I found myself spending more time changing the channel then settling in on a show.
Having grown up with a small color TV in the 70s before the grand old age of cable there were only 3 or 4 choices tops.
There was 3, 6, and 10 and channel 12 PBS.
News in the morning, news at lunch, followed by a soap opera of sorts, then more news at 6 and most times in the evening, The Lawrence Welk Show at my Nana's.
The TV was left on in the house much like an extra relative was there talking to you in monotone.
This extra “voice” kept everyone company perhaps.
Back then you mechanically turned the dial with your hand.
At 5 in the morning there would be a repeated rotational video of Philadelphia and the surroundings and Philly soul music in the background.
Local Channel 6 would have a commercial that would question’ “Where’s that action news man again?”
By the mid-1980s there was revolution with cable.
It all started with 30 channels or more.
This was the new wild west of the moving image.
Everyone had a tv then a color tv followed by cable.
Small companies that set cable wires everywhere became behemoths.
These pioneers had stories and channels that would go on and on.
It began for us locally with Suburban Cable.
This company that I even worked for briefly that then got swallowed by a bigger pac-man called Comcast.
There are good and bad things about the growth of a plethora of channels.
Things to watch could be local and instead of decisions that were made with only four channels there were even more choices.
This revolution made many millionaires and billionaires and forever changed the skyline of Philadelphia.
People had more to choose.
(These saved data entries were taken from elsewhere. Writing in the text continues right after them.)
(* Fix an integer $k\geq1$ and $V=\{0,\ldots,k\}$. If a Boolean function $\varphi$ on $V$ is fragmentable, then $\mathrm{eul}(\varphi)=0$.
   Context: A valuation is a subset $\nu\subseteq V$; $\nu^{(l)}$ is $\nu$ with membership of $l$ flipped. A Boolean function on $V$ is a map $\varphi:2^V\to\{\text{false},\text{true}\}$; $\mathrm{eul}(\varphi)=\sum_{\nu:\varphi(\nu)=\text{true}}(-1)^{|\nu|}$. $\varphi$ is degenerate if there is $l\in V$ with $\varphi(\nu)=\varphi(\nu^{(l)})$ for all $\nu$. Two functions are disjoint if no valuation satisfies both. A $\neg$-$\vee$-template is a Boolean circuit all of whose internal gates are $\neg$- or $\vee$-gates (a single leaf is allowed); its leaves $l_0,\ldots,l_n$ are holes. $T[\varphi_0,\ldots,\varphi_n]$ is the function obtained by substituting $\varphi_i$ for $l_i$; it is deterministic if, for every $\vee$-gate of the template, any two distinct inputs compute disjoint functions. $\varphi$ is fragmentable if there exist a $\neg$-$\vee$-template $T$ and degenerate functions $\varphi_0,\ldots,\varphi_n$ (one per hole) such that $T[\varphi_0,\ldots,\varphi_n]$ is deterministic and equivalent to $\varphi$. *)

theory Defs
  imports Main
begin

type_synonym valuation = "nat set"
type_synonym boolfun = "nat set \<Rightarrow> bool"

definition flip :: "nat set \<Rightarrow> nat \<Rightarrow> nat set" where
  "flip \<nu> l = (if l \<in> \<nu> then \<nu> - {l} else insert l \<nu>)"

definition eul :: "nat set \<Rightarrow> boolfun \<Rightarrow> int" where
  "eul V \<phi> = (\<Sum>\<nu> \<in> {\<nu>. \<nu> \<subseteq> V \<and> \<phi> \<nu>}. (-1) ^ card \<nu>)"

definition degenerate :: "nat set \<Rightarrow> boolfun \<Rightarrow> bool" where
  "degenerate V \<phi> \<longleftrightarrow> (\<exists>l \<in> V. \<forall>\<nu>. \<nu> \<subseteq> V \<longrightarrow> \<phi> \<nu> = \<phi> (flip \<nu> l))"

definition disjoint_fun :: "nat set \<Rightarrow> boolfun \<Rightarrow> boolfun \<Rightarrow> bool" where
  "disjoint_fun V \<phi> \<psi> \<longleftrightarrow> (\<forall>\<nu>. \<nu> \<subseteq> V \<longrightarrow> \<not> (\<phi> \<nu> \<and> \<psi> \<nu>))"

definition equiv_fun :: "nat set \<Rightarrow> boolfun \<Rightarrow> boolfun \<Rightarrow> bool" where
  "equiv_fun V \<phi> \<psi> \<longleftrightarrow> (\<forall>\<nu>. \<nu> \<subseteq> V \<longrightarrow> \<phi> \<nu> = \<psi> \<nu>)"

text \<open>Negation-disjunction templates (circuits unfolded into formula trees);
  holes are leaves labelled by an index; Or gates have arbitrary fan-in.\<close>
datatype template = Hole nat | Neg template | Or "template list"

fun subst :: "template \<Rightarrow> (nat \<Rightarrow> boolfun) \<Rightarrow> boolfun" where
  "subst (Hole i) \<Phi> = \<Phi> i"
| "subst (Neg T) \<Phi> = (\<lambda>\<nu>. \<not> subst T \<Phi> \<nu>)"
| "subst (Or Ts) \<Phi> = (\<lambda>\<nu>. \<exists>T \<in> set Ts. subst T \<Phi> \<nu>)"

fun holes :: "template \<Rightarrow> nat set" where
  "holes (Hole i) = {i}"
| "holes (Neg T) = holes T"
| "holes (Or Ts) = (\<Union>T \<in> set Ts. holes T)"

fun deterministic :: "nat set \<Rightarrow> template \<Rightarrow> (nat \<Rightarrow> boolfun) \<Rightarrow> bool" where
  "deterministic V (Hole i) \<Phi> = True"
| "deterministic V (Neg T) \<Phi> = deterministic V T \<Phi>"
| "deterministic V (Or Ts) \<Phi> =
     ((\<forall>T \<in> set Ts. deterministic V T \<Phi>) \<and>
      (\<forall>i < length Ts. \<forall>j < length Ts. i \<noteq> j \<longrightarrow>
          disjoint_fun V (subst (Ts ! i) \<Phi>) (subst (Ts ! j) \<Phi>)))"

definition fragmentable :: "nat set \<Rightarrow> boolfun \<Rightarrow> bool" where
  "fragmentable V \<phi> \<longleftrightarrow>
     (\<exists>T \<Phi>. (\<forall>i \<in> holes T. degenerate V (\<Phi> i)) \<and>
            deterministic V T \<Phi> \<and> equiv_fun V (subst T \<Phi>) \<phi>)"

end

theory Submission
  imports Defs
begin

text \<open>Flipping the distinguished variable of a degenerate function is a sign-reversing involution
  on its satisfying valuations, so its Euler characteristic vanishes. The Euler characteristic is
  additive over disjoint disjunctions, and \<open>eul V (\<lambda>_. True) = 0\<close> for nonempty \<open>V\<close> gives
  \<open>eul V (\<not> \<phi>) = - eul V \<phi>\<close>.\<close>

lemma flip_subset: "\<nu> \<subseteq> V \<Longrightarrow> l \<in> V \<Longrightarrow> flip \<nu> l \<subseteq> V"
  by (auto simp: flip_def)

lemma flip_flip [simp]: "flip (flip \<nu> l) l = \<nu>"
  by (auto simp: flip_def)

lemma minus_one_power_card_flip:
  assumes "finite \<nu>"
  shows "(-1::int) ^ card (flip \<nu> l) = - ((-1) ^ card \<nu>)"
proof (cases "l \<in> \<nu>")
  case True
  then have "card \<nu> = Suc (card (\<nu> - {l}))"
    using assms by (metis card_Suc_Diff1)
  then have "(-1::int) ^ card \<nu> = - ((-1) ^ card (\<nu> - {l}))"
    by simp
  then show ?thesis
    using True by (simp add: flip_def)
next
  case False
  then show ?thesis
    using assms by (simp add: flip_def)
qed

lemma eul_cong: "equiv_fun V \<phi> \<psi> \<Longrightarrow> eul V \<phi> = eul V \<psi>"
  unfolding eul_def equiv_fun_def by (rule arg_cong[where f = "sum _"]) auto

lemma eul_degenerate:
  assumes "finite V" and "degenerate V \<phi>"
  shows "eul V \<phi> = 0"
proof -
  obtain l where "l \<in> V" and invariant: "\<And>\<nu>. \<nu> \<subseteq> V \<Longrightarrow> \<phi> \<nu> = \<phi> (flip \<nu> l)"
    using assms(2) unfolding degenerate_def by blast
  define S where "S = {\<nu>. \<nu> \<subseteq> V \<and> \<phi> \<nu>}"
  have flip_S: "(\<lambda>\<nu>. flip \<nu> l) ` S \<subseteq> S"
    using invariant \<open>l \<in> V\<close> flip_subset unfolding S_def by blast
  have "bij_betw (\<lambda>\<nu>. flip \<nu> l) S S"
    by (rule bij_betw_byWitness[where f' = "\<lambda>\<nu>. flip \<nu> l"]) (use flip_S in auto)
  then have "(\<Sum>\<nu>\<in>S. (-1::int) ^ card \<nu>) = (\<Sum>\<nu>\<in>S. (-1) ^ card (flip \<nu> l))"
    using sum.reindex_bij_betw[of _ S S "\<lambda>\<nu>. (-1::int) ^ card \<nu>"] by simp
  also have "\<dots> = (\<Sum>\<nu>\<in>S. - ((-1) ^ card \<nu>))"
    using assms(1) by (intro sum.cong) (auto simp: S_def minus_one_power_card_flip finite_subset)
  also have "\<dots> = - (\<Sum>\<nu>\<in>S. (-1) ^ card \<nu>)"
    by (simp add: sum_negf)
  finally show ?thesis
    unfolding eul_def S_def by simp
qed

lemma eul_True:
  assumes "finite V" and "V \<noteq> {}"
  shows "eul V (\<lambda>_. True) = 0"
  using assms by (intro eul_degenerate) (auto simp: degenerate_def)

lemma eul_disj:
  assumes "finite V" and "disjoint_fun V \<phi> \<psi>"
  shows "eul V (\<lambda>\<nu>. \<phi> \<nu> \<or> \<psi> \<nu>) = eul V \<phi> + eul V \<psi>"
proof -
  have "{\<nu>. \<nu> \<subseteq> V \<and> (\<phi> \<nu> \<or> \<psi> \<nu>)} = {\<nu>. \<nu> \<subseteq> V \<and> \<phi> \<nu>} \<union> {\<nu>. \<nu> \<subseteq> V \<and> \<psi> \<nu>}"
    by auto
  moreover have "{\<nu>. \<nu> \<subseteq> V \<and> \<phi> \<nu>} \<inter> {\<nu>. \<nu> \<subseteq> V \<and> \<psi> \<nu>} = {}"
    using assms(2) unfolding disjoint_fun_def by auto
  ultimately show ?thesis
    using assms(1) unfolding eul_def by (simp add: sum.union_disjoint)
qed

lemma eul_not:
  assumes "finite V" and "V \<noteq> {}"
  shows "eul V (\<lambda>\<nu>. \<not> \<phi> \<nu>) = - eul V \<phi>"
proof -
  have "eul V (\<lambda>\<nu>. \<phi> \<nu> \<or> \<not> \<phi> \<nu>) = eul V \<phi> + eul V (\<lambda>\<nu>. \<not> \<phi> \<nu>)"
    using assms(1) by (intro eul_disj) (auto simp: disjoint_fun_def)
  then show ?thesis
    using eul_True[OF assms] by simp
qed

lemma disjoint_fun_sym: "disjoint_fun V \<phi> \<psi> \<longleftrightarrow> disjoint_fun V \<psi> \<phi>"
  unfolding disjoint_fun_def by blast

lemma deterministic_Or_Cons:
  "deterministic V (Or (T # Ts)) \<Phi> \<longleftrightarrow>
     deterministic V T \<Phi> \<and> deterministic V (Or Ts) \<Phi> \<and>
     disjoint_fun V (subst T \<Phi>) (subst (Or Ts) \<Phi>)"
proof -
  have "disjoint_fun V (subst T \<Phi>) (subst (Or Ts) \<Phi>) \<longleftrightarrow>
      (\<forall>j < length Ts. disjoint_fun V (subst T \<Phi>) (subst (Ts ! j) \<Phi>))"
    unfolding disjoint_fun_def by (auto simp: in_set_conv_nth) (use nth_mem in blast)
  then show ?thesis
    by (auto simp: All_less_Suc2 disjoint_fun_sym[of V "subst T \<Phi>"])
qed

lemma eul_subst_deterministic:
  assumes "finite V" and "V \<noteq> {}"
  shows "\<forall>i \<in> holes T. degenerate V (\<Phi> i) \<Longrightarrow> deterministic V T \<Phi> \<Longrightarrow>
    eul V (subst T \<Phi>) = 0"
proof (induction T)
  case (Hole i)
  then show ?case
    using eul_degenerate[OF assms(1)] by simp
next
  case (Neg T)
  then show ?case
    using eul_not[OF assms] by simp
next
  case (Or Ts)
  then show ?case
  proof (induction Ts)
    case Nil
    then show ?case
      by (simp add: eul_def)
  next
    case (Cons T Ts)
    have "deterministic V T \<Phi>" and "deterministic V (Or Ts) \<Phi>"
      and disjoint: "disjoint_fun V (subst T \<Phi>) (subst (Or Ts) \<Phi>)"
      using Cons.prems(3) deterministic_Or_Cons by blast+
    then have "eul V (subst T \<Phi>) = 0" and "eul V (subst (Or Ts) \<Phi>) = 0"
      using Cons by simp_all
    moreover have "subst (Or (T # Ts)) \<Phi> = (\<lambda>\<nu>. subst T \<Phi> \<nu> \<or> subst (Or Ts) \<Phi> \<nu>)"
      by auto
    ultimately show ?case
      using eul_disj[OF assms(1) disjoint] by simp
  qed
qed

theorem proposition4p6:
  fixes k :: nat and \<phi> :: boolfun
  assumes "k \<ge> 1"
    and "fragmentable {0..k} \<phi>"
  shows "eul {0..k} \<phi> = 0"
proof -
  obtain T \<Phi> where "\<forall>i \<in> holes T. degenerate {0..k} (\<Phi> i)"
    and "deterministic {0..k} T \<Phi>" and "equiv_fun {0..k} (subst T \<Phi>) \<phi>"
    using assms(2) unfolding fragmentable_def by blast
  moreover have "finite {0..k}" and "{0..k} \<noteq> {}"
    by auto
  ultimately show ?thesis
    using eul_subst_deterministic eul_cong by metis
qed

end
(* Let $w_0\to w_1\to\dots\to w_t$ be a reduced computation (as defined in the context). If $|w_0|_{\mathcal{A}}<|w_1|_{\mathcal{A}}$, then $|w_{i-1}|_{\mathcal{A}}\le|w_i|_{\mathcal{A}}$ for all $1\le i\le t$.
   Context: Let $\mathcal{A}$ be a finite non-empty alphabet, $\mathcal{A}_1=\{a_1:a\in\mathcal{A}\}$ a disjoint copy of $\mathcal{A}$, and $\mathcal{B}=\{b_1,b_2\}$; let $F=F(\mathcal{A}_1\sqcup\mathcal{B})$ be the free group, whose elements are identified with reduced words. Let $D=4|\mathcal{A}|(|\mathcal{A}|+2)$, fix a bijection $\eta:(\mathcal{A}\sqcup\mathcal{B})\times\mathcal{A}\to\{1,\dots,D/4\}$, and for $y\in\mathcal{A}\sqcup\mathcal{B}$, $a\in\mathcal{A}$, with $k=\eta(y,a)$, put $v(y,a)=b_1^k(b_2b_1)^{D-2k}b_2^k$. For $y\in\mathcal{A}\sqcup\mathcal{B}$ let $\psi_y$ be the automorphism of $F$ fixing $b_1,b_2$ and sending $a_1\mapsto v(y,a)a_1$ for each $a\in\mathcal{A}$; let $u_y=b_i^{-1}$ if $y=b_i$ and $u_y=a_1^{-1}$ if $y=a\in\mathcal{A}$. For each $y$ there are two operations ("rules") $\theta_y,\theta_y^{-1}$ on $F$: $w\cdot\theta_y=\psi_y(w)u_y$ and $w\cdot\theta_y^{-1}=\psi_y^{-1}(wu_y^{-1})$ (products freely reduced); these are mutually inverse. A computation is a sequence $w_0,\dots,w_t\in F$ with $w_i=w_{i-1}\cdot\theta_{y_i}^{\varepsilon_i}$ for some $y_i\in\mathcal{A}\sqcup\mathcal{B}$, $\varepsilon_i\in\{\pm1\}$; its history is the word $\theta_{y_1}^{\varepsilon_1}\cdots\theta_{y_t}^{\varepsilon_t}$, and the computation is reduced if this word is freely reduced (no consecutive $\theta_y^{\varepsilon}\theta_y^{-\varepsilon}$). (This describes computations of the machine $\mathbf{M}_1^{\mathcal{A}}$ in the base $Q_0Q_1$, with configuration $q_0wq_1$ identified with $w$.) For $w\in F$, $|w|_{\mathcal{A}}$ is the number of letters of $w$ from $\mathcal{A}_1^{\pm1}$. *)

theory Defs
  imports Main
begin

text \<open>Generators of F = F(A_1 \<union> B): a copy a_1 of each letter a of the alphabet 'a,
  plus b_1, b_2.  The same datatype also serves as the index set A \<union> B of the rules
  (the letter a \<in> A being identified with the constructor GA a).\<close>
datatype 'a gen = GA 'a | GB1 | GB2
Lots of networks.
And the landscape of being a celebrity had changed.
Talk shows and food shows and reality TV scripted or not.
Our own household was bored of the best biggest burger and the furniture redo market playing over and over again.
So we left for pure content in Netflix and the Internet.
No bobble heads spewing news unless you wanted them too.
I can’t say that I have stopped completely cold turkey with junk TV.
I am not pure and disciplined to the level of saying no especially when we have cable in our hotel room on vacations.
Who can’t help watch an episode or two of my 600 pound life or Dog the Bounty Hunter?
Yes I might binge a little when I’m not home.We all have our cravings... even having that potato chip bag emptied all while watching a modern day soap opera of reality Junk TV, scripted or not.